Two Months Ago
This entry is reprinted from blogspot on January 5th 2011
Two months ago Jesus came through the door of heaven and carried Jim home to heaven. That sacred moment began a new journey for all of us.
And now it feels like my full-time job is grieving my husband. I think about Jim ALL THE TIME!!!!! The last time I thought about Jim this much we were just dating! Though in love and always working on our marriage and family, I am sure that over the last 30 years I did not think about him every minute. Now, I think about him every time I make a decision. I replay many conversations and events over and over in my mind.
Everything else happens in a fog. (I remember one New Year’s Eve years ago when it was really foggy; my friend Pam and I couldn’t see well as we were driving and we hit a Rose Parade float! This is that same sensation.) Of course, I am already regretting things I have said and done, things I have forgotten to say and do during this thick foggy weather of the soul. Just when I think I have my act together, making a list and actually accomplishing something on it, I realize that I am still numb and overwhelmed by the dark clouds that surround me. Sometimes the fog seems to lift and I can see a few yards in front of me but most of the time it is zero visibility. I do look forward to when the fog turns into a mist and then dissipates entirely, but until then I know God is holding tightly to my hand.

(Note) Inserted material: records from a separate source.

lemma set_integrable_lborel_if_nonneg_integrable_on:
  fixes f :: "'a::euclidean_space \<Rightarrow> real"
  assumes "f integrable_on S" "\<And>x. x \<in> S \<Longrightarrow> 0 \<le> f x"
    and [measurable]: "S \<in> sets borel" "f \<in> borel_measurable borel"
  shows "set_integrable lborel S f"
proof -
  have "f absolutely_integrable_on S"
    using assms(1,2) by (simp add: absolutely_integrable_on_iff_nonneg)
  then show ?thesis
    unfolding set_integrable_def by (subst (asm) integrable_completion) measurable
qed

lemma set_integrable_powr_div_add_sq:
  fixes \<rho> L :: real
  assumes "0 < \<rho>" "\<rho> < 2" "0 < L"
  shows "set_integrable lborel {0<..} (\<lambda>r. r powr (\<rho> - 1) / (L + r\<^sup>2))"
proof -
  have L_add_sq: "0 < L + r\<^sup>2" for r :: real
    using assms by (simp add: add_pos_nonneg)
  have near_zero: "set_integrable lborel {0<..1} (\<lambda>r. r powr (\<rho> - 1) / (L + r\<^sup>2))"
  proof (rule set_integrable_bound)
    have "(\<lambda>r. r powr (\<rho> - 1)) integrable_on {0<..1}"
      by (rule integrable_on_powr_from_0') (use assms in auto)
    then have "set_integrable lborel {0<..1} (\<lambda>r. r powr (\<rho> - 1))"
      by (rule set_integrable_lborel_if_nonneg_integrable_on) auto
    then show "set_integrable lborel {0<..1} (\<lambda>r. r powr (\<rho> - 1) / L)"
      by simp
    show "AE r in lborel. r \<in> {0<..1} \<longrightarrow>
        norm (r powr (\<rho> - 1) / (L + r\<^sup>2)) \<le> norm (r powr (\<rho> - 1) / L)"
      using assms L_add_sq by (auto intro!: AE_I2 divide_left_mono)
  qed (simp add: set_borel_measurable_def)
  have near_infinity: "set_integrable lborel {1..} (\<lambda>r. r powr (\<rho> - 1) / (L + r\<^sup>2))"
  proof (rule set_integrable_bound)
    have "(\<lambda>r. r powr (\<rho> - 3)) integrable_on {1..}"
      using has_integral_powr_to_inf[of "\<rho> - 3" 1] assms by (auto simp: integrable_on_def)
    then show "set_integrable lborel {1..} (\<lambda>r. r powr (\<rho> - 3))"
      by (rule set_integrable_lborel_if_nonneg_integrable_on) auto
    show "AE r in lborel. r \<in> {1..} \<longrightarrow>
        norm (r powr (\<rho> - 1) / (L + r\<^sup>2)) \<le> norm (r powr (\<rho> - 3))"
    proof (intro AE_I2 impI)
      fix r :: real
      assume "r \<in> {1..}"
      then have r: "1 \<le> r" by simp
      have "r powr (\<rho> - 1) = r powr (\<rho> - 3) * r powr 2"
        by (simp flip: powr_add)
      also have "r powr 2 = r\<^sup>2"
        using r by (simp add: powr_numeral)
      finally have "r powr (\<rho> - 1) = r powr (\<rho> - 3) * r\<^sup>2" .
      then show "norm (r powr (\<rho> - 1) / (L + r\<^sup>2)) \<le> norm (r powr (\<rho> - 3))"
        using r assms L_add_sq[of r] by (simp add: divide_le_eq mult_left_mono)
    qed
  qed (simp add: set_borel_measurable_def)
  have "set_integrable lborel ({0<..1} \<union> {1..}) (\<lambda>r. r powr (\<rho> - 1) / (L + r\<^sup>2))"
    using near_zero near_infinity by (rule set_integrable_Un) auto
  also have "{0<..1} \<union> {1..} = {0::real<..}"
    by auto
  finally show ?thesis .
qed

lemma set_integrable_Ioi_of_powr_bound:
  fixes f :: "real \<Rightarrow> real"
  assumes "0 < \<rho>" "\<rho> < 2" "0 < L" "f \<in> borel_measurable borel"
    and "\<And>r. 0 < r \<Longrightarrow> \<bar>f r\<bar> \<le> K * (r powr (\<rho> - 1) / (L + r\<^sup>2))"
  shows "set_integrable lborel {0<..} f"
proof (rule set_integrable_bound)
  show "set_integrable lborel {0<..} (\<lambda>r. K * (r powr (\<rho> - 1) / (L + r\<^sup>2)))"
    by (rule set_integrable_mult_right) (rule set_integrable_powr_div_add_sq[OF assms(1-3)])
  show "set_borel_measurable lborel {0<..} f"
    using assms(4) by (simp add: set_borel_measurable_def)
  show "AE r in lborel. r \<in> {0<..} \<longrightarrow> norm (f r) \<le> norm (K * (r powr (\<rho> - 1) / (L + r\<^sup>2)))"
  proof (intro AE_I2 impI)
    fix r :: real assume "r \<in> {0<..}"
    then show "norm (f r) \<le> norm (K * (r powr (\<rho> - 1) / (L + r\<^sup>2)))"
      using assms(5)[of r] abs_ge_self order_trans by (simp only: real_norm_def) blast
  qed
qed

lemma set_integral_pos:
  fixes f :: "'a \<Rightarrow> real"
  assumes "set_integrable M A f" "A \<in> sets M" "A \<notin> null_sets M"
    and "\<And>x. x \<in> A \<Longrightarrow> 0 < f x"
  shows "0 < (\<integral>x\<in>A. f x \<partial>M)"
proof -
  have integrable: "integrable M (\<lambda>x. indicator A x * f x)"
    using assms(1) by (simp add: set_integrable_def)
  have "0 \<le> (\<integral>x\<in>A. f x \<partial>M)"
    unfolding set_lebesgue_integral_def
    using assms(4) by (intro integral_nonneg_AE) (auto simp: indicator_def less_imp_le)
  moreover have "(\<integral>x\<in>A. f x \<partial>M) \<noteq> 0"
  proof
    assume "(\<integral>x\<in>A. f x \<partial>M) = 0"
    moreover have "(\<integral>x\<in>A. indicator A x * f x \<partial>M) = (\<integral>x\<in>A. f x \<partial>M)"
      unfolding set_lebesgue_integral_def
      by (rule Bochner_Integration.integral_cong) (auto simp: indicator_def)
    ultimately have "(\<integral>x\<in>A. indicator A x * f x \<partial>M) = 0" by simp
    then have "A \<in> null_sets M"
      using null_if_pos_func_has_zero_int[OF integrable assms(2)] assms(4) by auto
    with assms(3) show False ..
  qed
  ultimately show ?thesis by simp
qed

lemma greaterThan_notin_null_sets_lborel: "{a::real<..} \<notin> null_sets lborel"
proof
  assume "{a<..} \<in> null_sets lborel"
  then have "{a<..a + 1} \<in> null_sets lborel"
    by (rule null_sets_subset) auto
  then show False
    by (simp add: null_sets_def)
qed

lemma sum_sq_rotation_ge:
  fixes x a c s :: real
  assumes "c\<^sup>2 + s\<^sup>2 = 1"
  shows "(1 - \<bar>c\<bar>) * (x\<^sup>2 + a\<^sup>2) \<le> (x + a * c)\<^sup>2 + (a * s)\<^sup>2"
proof -
  have "(x + a * c)\<^sup>2 + (a * s)\<^sup>2 = x\<^sup>2 + 2 * x * a * c + a\<^sup>2 * (c\<^sup>2 + s\<^sup>2)"
    by (simp add: power2_eq_square algebra_simps)
  also have "\<dots> = x\<^sup>2 + 2 * x * a * c + a\<^sup>2"
    using assms by simp
  finally have expand: "(x + a * c)\<^sup>2 + (a * s)\<^sup>2 = x\<^sup>2 + 2 * x * a * c + a\<^sup>2" .
  have "\<bar>2 * x * a\<bar> \<le> x\<^sup>2 + a\<^sup>2"
    using sum_squares_bound[of "\<bar>x\<bar>" "\<bar>a\<bar>"] by (simp add: abs_mult)
  then have "\<bar>2 * x * a * c\<bar> \<le> \<bar>c\<bar> * (x\<^sup>2 + a\<^sup>2)"
    by (simp add: abs_mult mult_left_mono mult.commute)
  then show ?thesis
    unfolding expand by (simp add: algebra_simps abs_le_iff)
qed

lemma exists_sq_diff_add_sq_powr_ge:
  fixes l g \<rho> :: real
  assumes "0 < l" "0 < g" "0 < \<rho>"
  shows "\<exists>\<epsilon>>0. \<forall>r>0. \<epsilon> * (l\<^sup>2 + r\<^sup>2) \<le> (l - r)\<^sup>2 + (g * r powr \<rho>)\<^sup>2"
proof (intro exI conjI allI impI)
  define m where "m = (g * (l / 2) powr \<rho>)\<^sup>2"
  have m: "0 < m"
    unfolding m_def using assms by simp
  show "0 < min (1/5) (m / (5 * l\<^sup>2))"
    using m assms by simp
  fix r :: real
  assume r: "0 < r"
  show "min (1/5) (m / (5 * l\<^sup>2)) * (l\<^sup>2 + r\<^sup>2) \<le> (l - r)\<^sup>2 + (g * r powr \<rho>)\<^sup>2"
  proof (cases "l / 2 < r \<and> r < 2 * l")
    case True
    have "r\<^sup>2 \<le> (2 * l)\<^sup>2"
      using True r by (intro power_mono) auto
    then have "m / (5 * l\<^sup>2) * (l\<^sup>2 + r\<^sup>2) \<le> m / (5 * l\<^sup>2) * (5 * l\<^sup>2)"
      using m by (intro mult_left_mono) auto
    also have "\<dots> = m"
      using assms by simp
    also have "m \<le> (g * r powr \<rho>)\<^sup>2"
      unfolding m_def using True assms
      by (intro power_mono mult_left_mono powr_mono2) auto
    finally have "m / (5 * l\<^sup>2) * (l\<^sup>2 + r\<^sup>2) \<le> (g * r powr \<rho>)\<^sup>2" .
    moreover have "min (1/5) (m / (5 * l\<^sup>2)) * (l\<^sup>2 + r\<^sup>2) \<le> m / (5 * l\<^sup>2) * (l\<^sup>2 + r\<^sup>2)"
      by (intro mult_right_mono) auto
    ultimately show ?thesis
      using zero_le_power2[of "l - r"] by linarith
  next
    case False
    \<comment> \<open>\<open>5 (l - r)\<^sup>2 - (l\<^sup>2 + r\<^sup>2) = 2 (2 l - r) (l - 2 r)\<close>, a product of two factors of equal sign here\<close>
    have "0 \<le> (2 * l - r) * (l - 2 * r)"
      using False assms r by (cases "r \<le> l / 2") (auto intro: mult_nonneg_nonneg mult_nonpos_nonpos)
    then have "(l\<^sup>2 + r\<^sup>2) / 5 \<le> (l - r)\<^sup>2"
      by (simp add: power2_eq_square field_simps)
    moreover have "min (1/5) (m / (5 * l\<^sup>2)) * (l\<^sup>2 + r\<^sup>2) \<le> 1/5 * (l\<^sup>2 + r\<^sup>2)"
      by (intro mult_right_mono) auto
    ultimately show ?thesis
      using zero_le_power2[of "g * r powr \<rho>"] by linarith
  qed
qed

definition A_denom :: "real \<Rightarrow> real \<Rightarrow> real \<Rightarrow> real \<Rightarrow> real" where
  "A_denom \<rho> \<gamma> lam r =
     (- r + lam * \<gamma> * r powr \<rho> * cos (\<rho> * pi) + lam)\<^sup>2 + (lam * \<gamma> * r powr \<rho> * sin (\<rho> * pi))\<^sup>2"

definition A_kernel :: "real \<Rightarrow> real \<Rightarrow> real \<Rightarrow> real \<Rightarrow> real \<Rightarrow> real" where
  "A_kernel \<rho> \<gamma> lam t r =
     exp (- r * t) * (lam\<^sup>2 * r powr (\<rho> - 1) * sin (\<rho> * pi)) / A_denom \<rho> \<gamma> lam r"

definition C_kernel :: "real \<Rightarrow> real \<Rightarrow> real \<Rightarrow> real \<Rightarrow> real \<Rightarrow> real" where
  "C_kernel \<rho> \<gamma> lam1 T r =
     r powr (\<rho> - 1) * exp (- r * T) / (r\<^sup>2 / lam1\<^sup>2 + \<gamma>\<^sup>2 * r powr (2 * \<rho>) + 1)"

lemma A_rho_eq_integral_A_kernel:
  "A_rho \<rho> \<gamma> lam t = \<gamma> / pi * (LBINT r:{0<..}. A_kernel \<rho> \<gamma> lam t r)"
  by (simp add: A_rho_def A_kernel_def A_denom_def)

lemma C_const_eq_integral_C_kernel:
  "C_const \<rho> \<gamma> lam1 T = \<gamma> / pi * (sin (\<rho> * pi) / 3 * (LBINT r:{0<..}. C_kernel \<rho> \<gamma> lam1 T r))"
  by (simp add: C_const_def C_kernel_def)

lemma A_denom_pos:
  assumes "0 < \<rho>" "\<rho> < 1" "0 < \<gamma>" "0 < lam" "0 < r"
  shows "0 < A_denom \<rho> \<gamma> lam r"
proof -
  have "0 < sin (\<rho> * pi)"
    using assms by (intro sin_gt_zero) auto
  then have "0 < (lam * \<gamma> * r powr \<rho> * sin (\<rho> * pi))\<^sup>2"
    using assms by simp
  then show ?thesis
    unfolding A_denom_def by (simp add: add_nonneg_pos)
qed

There are other difficult things I am navigating including –
It is hard to be gracious and accept help when you are an independent and competent person. I often don’t recognize myself these days. Little things overwhelm me. Grief has transformed me into a remote, unconfident, lonely, brainless person. I am humbled by the outpouring of love and prayers and acts of service from friends who love us and loved Jim. I know I can never repay you, but you were not expecting that anyway. I am grateful for your patience and persistence in walking with us when we seem to want to walk alone. We don’t. This illogical and wild roller coaster of grief is much easier to ride with friends that we can cling to on the big drops and who encourage us to throw our hands in the air and scream. We are blessed by the way you keep watching out for us.
It is hard to let my kids be fatherless; I try hard to just be Clayton and Emily’s mom and not fill Jim’s shoes, the role of their dad, in their lives. God wants to give them what they need. He promises to be a father to the fatherless. And I have a new respect for single parents.
It is hard to juggle the practical demands of everyday living when all I want to do is be still and hold my sorrow. It is impossible to wrap my mind around the idea that I have had to trade my lifepartner for such a companion as grief.
It is hard to realize that there is not a formula for living through the loss of someone you love. In spite of all the things I studied in college about “stages” of grief, I now know from experience that the theory is way too linear. Rather, grief is as personal as it is universal. It is more of a labyrinth. A friend who began unwrapping her sorrow several years ago wisely warned me:
Each “gift” of sorrow is unique and each person is unique in the way they open their gifts. The world seems to want us to open them fast, get on with our grieving and be done with it. I think that would make them less uncomfortable. Unfortunately, it doesn’t work that way. As for me, I stashed my gift deep in a closet until I had made sure my kids had unwrapped their gifts first. Then I painstakingly and lovingly sat down with my gift and slowly opened it. The point is, that may not seem right to you and each person is entitled to unwrap this gift the way they want! Also, be aware that this gift has a tendency to re-gift itself at the strangest of times when you least expect it!
That is all I have to say for now. I am posting on this site until I get the kinks worked out, since I am having trouble with the other blog. Thank you for listening to my wandering thoughts once again.
Ps. 34:18 – God is close to the brokenhearted. He rescues those whose spirits are crushed.